Chiens de la Casse et Vae Soli sont lancés, pour nous rappeler que la tournée Matière Noire fait la part belle à l’album. Un petit souci de retour avec Rapha est vite oublié et les deux morceaux sont ultra puissants. La fosse est déjà sens dessus dessous, les mecs de la sécu comprennent qu’ils vont bosser…

Une Somme de détails déboule, suivi de l’impeccable l’Espérance et le Refus. Jamie est à l’aise, il est content d’y être !! S’ensuit l’hymne du groupe, sa marque de fabrique : « Positif à bloc »…

Les 5 premiers morceaux passés, Muss demande de l’indulgence au public… Jimmy fait son premier show au retour plateau, Jamie fait donc son premier concert comme bassiste titulaire… mais il annonce aussi que les 3 morceaux suivants n’ont pas été joués en live depuis… longtemps.

Déboule… « Plus qu’aucune mer » !!! Alors, là, c’est la claque dans ta face !! L’instru est mortelle, le texte puissant, effet garanti et accueil unanime du public !! Je suis sous le choc, mais pas le temps de m’en remettre ; « Même si j’explose » raisonne à son tour pour nous ramener un semblant de calme, avant de nous balancer la 3ème pépite de la soirée : « Attracteurs étranges » … les fans de la 1ère heure qui réclamaient à corps et à cris des surprises sur les setlists en ont pour leur compte.

Ceci à peine digéré, Muss explique au nouveau membre qu’un baptême du feu sans un P4 dans la foule au centre d’un circle pit ne vaut pas tripette ! Jamie ne se dégonfle pas, et descend dans la foule avec Muss pour être au centre des électrons libres pendant P4 ! Il s’en sort merveilleusement : baptême réussi !

Les habituels mais indispensables Contraddiction, Plus que du Métal, Notre complot, le diabolique Tout est poison (je ne me lasserai jamais du break instrumental de ce morceau…) et Donnez-vous la peine (dont Céline, elle, ne se lassera jamais !) sont ensuite exécutés tout en maitrise.

 

La fin du set voit les furieuses et les kids débouler sur la scène pour Respect et, une fois n’est pas coutume, également pour Furia. Les Mass sont très vite rejoints aussi par les No One, qui « emmouscaillent » Fred, et les Ramoneurs de Menhirs qui viendront poser quelques vocals sur Furia avec Muss. Les roadies (sous l’influence d’un John hilare de sa bêtise, filant le fou-rire à Rapha) enlèvent les amplis vides, et le show se finit dans une ambiance hyper bon enfant ! Photos de famille, groupes, fans ravis ! (Sans vous parler des Kids, qui ont chanté, applaudi et dansé tout le show dans les coulisses, se reposant maintenant sur un flat case).

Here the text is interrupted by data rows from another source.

lemma pl_int_breaks_slopes_dvd:
  assumes S: "pl_int_breaks a b g S" and ab: "a < b"
    and kinks: "\<forall>t\<in>{a<..<b}. d dvd rslope g t - lslope g t"
  shows "\<forall>t\<in>{a..<b}. d dvd rslope g t - rslope g a" "d dvd lslope g b - rslope g a"
proof -
  have "(\<forall>t\<in>{a..<b}. d dvd rslope g t - rslope g a) \<and> d dvd lslope g b - rslope g a"
  proof (rule pl_int_breaks_induct[OF S ab order_refl,
        where Q = "\<lambda>x. (\<forall>t\<in>{a..<x}. d dvd rslope g t - rslope g a) \<and> d dvd lslope g x - rslope g a"])
    fix y x m c
    assume y: "a \<le> y" "y < x" "x \<le> b" and IH: "a < y \<Longrightarrow>
        (\<forall>t\<in>{a..<y}. d dvd rslope g t - rslope g a) \<and> d dvd lslope g y - rslope g a"
      and g: "\<forall>t\<in>{y..x}. g t = c + of_int m * t"
    have r: "rslope g t = m" if "y \<le> t" "t < x" for t
      using rslope_affine[OF g that] .
    have l: "lslope g x = m" using lslope_affine[OF g y(2) order_refl] .
    have m: "d dvd m - rslope g a"
    proof (cases "a < y")
      case True
      have "d dvd (rslope g y - lslope g y) + (lslope g y - rslope g a)"
        using kinks IH[OF True] True y by (intro dvd_add) auto
      then show ?thesis using r[OF order_refl y(2)] by simp
    next
      case False
      then show ?thesis using r[OF order_refl y(2)] y(1) by simp
    qed
    have "d dvd rslope g t - rslope g a" if "a \<le> t" "t < x" for t
    proof (cases "t < y")
      case True
      then show ?thesis using IH that y(1) by fastforce
    next
      case False
      then show ?thesis using r[of t] m that by simp
    qed
    then show "(\<forall>t\<in>{a..<x}. d dvd rslope g t - rslope g a) \<and> d dvd lslope g x - rslope g a"
      using l m by simp
  qed
  then show "\<forall>t\<in>{a..<b}. d dvd rslope g t - rslope g a" "d dvd lslope g b - rslope g a"
    by auto
qed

Il est presque minuit, les roadies doivent encore tout démonter, charger l’utilitaire, faire le débrief du show avec les boys… C’est vraiment un métier de FOU FURIEUX !! On ne le dira jamais assez !

 

Les Mass Hysteria, vu du côté des membres de l’Armée des Ombres :

Premier débrief également entre nous, membres du bureau, et là c’est Céline qui parle : les enfants sont unanimes « Wow, de derrière c’est quelque chose ! » Quelle joie de voir les MH monter sur scène, la bise et le sourire de Muss en prime à son arrivée. Incroyable de les voir se concentrer avant d’entrer en scène, de frissonner sur l’AC/DC et l’intro dans le noir, de les regarder jouer de près, sur les côtés, d’admirer le boulot de tous, des musiciens comme des roadies. Rapha de près, c’est impressionnant : ça tape fort et c’est magique ! Le Respect et la Furia sans jouer des coudes pour monter, la photo de famille, c’est le rêve éveillé. On termine la soirée en se disant qu’on adore être dans la fosse et qu’on y retournera, mais que c’était incroyable de vivre cette expérience.

Fin de festival dans la joie :

Tagada Jones, co-orga de la soirée, termine le spectacle par un show efficace et énergique, devant un public encore au taquet et qui en redemande ! Grosse réussite donc, encore, pour cette troisième édition du Festival « On n’a plus 20 ans », dont on réclame bien sûr haut et fort une 4ème édition !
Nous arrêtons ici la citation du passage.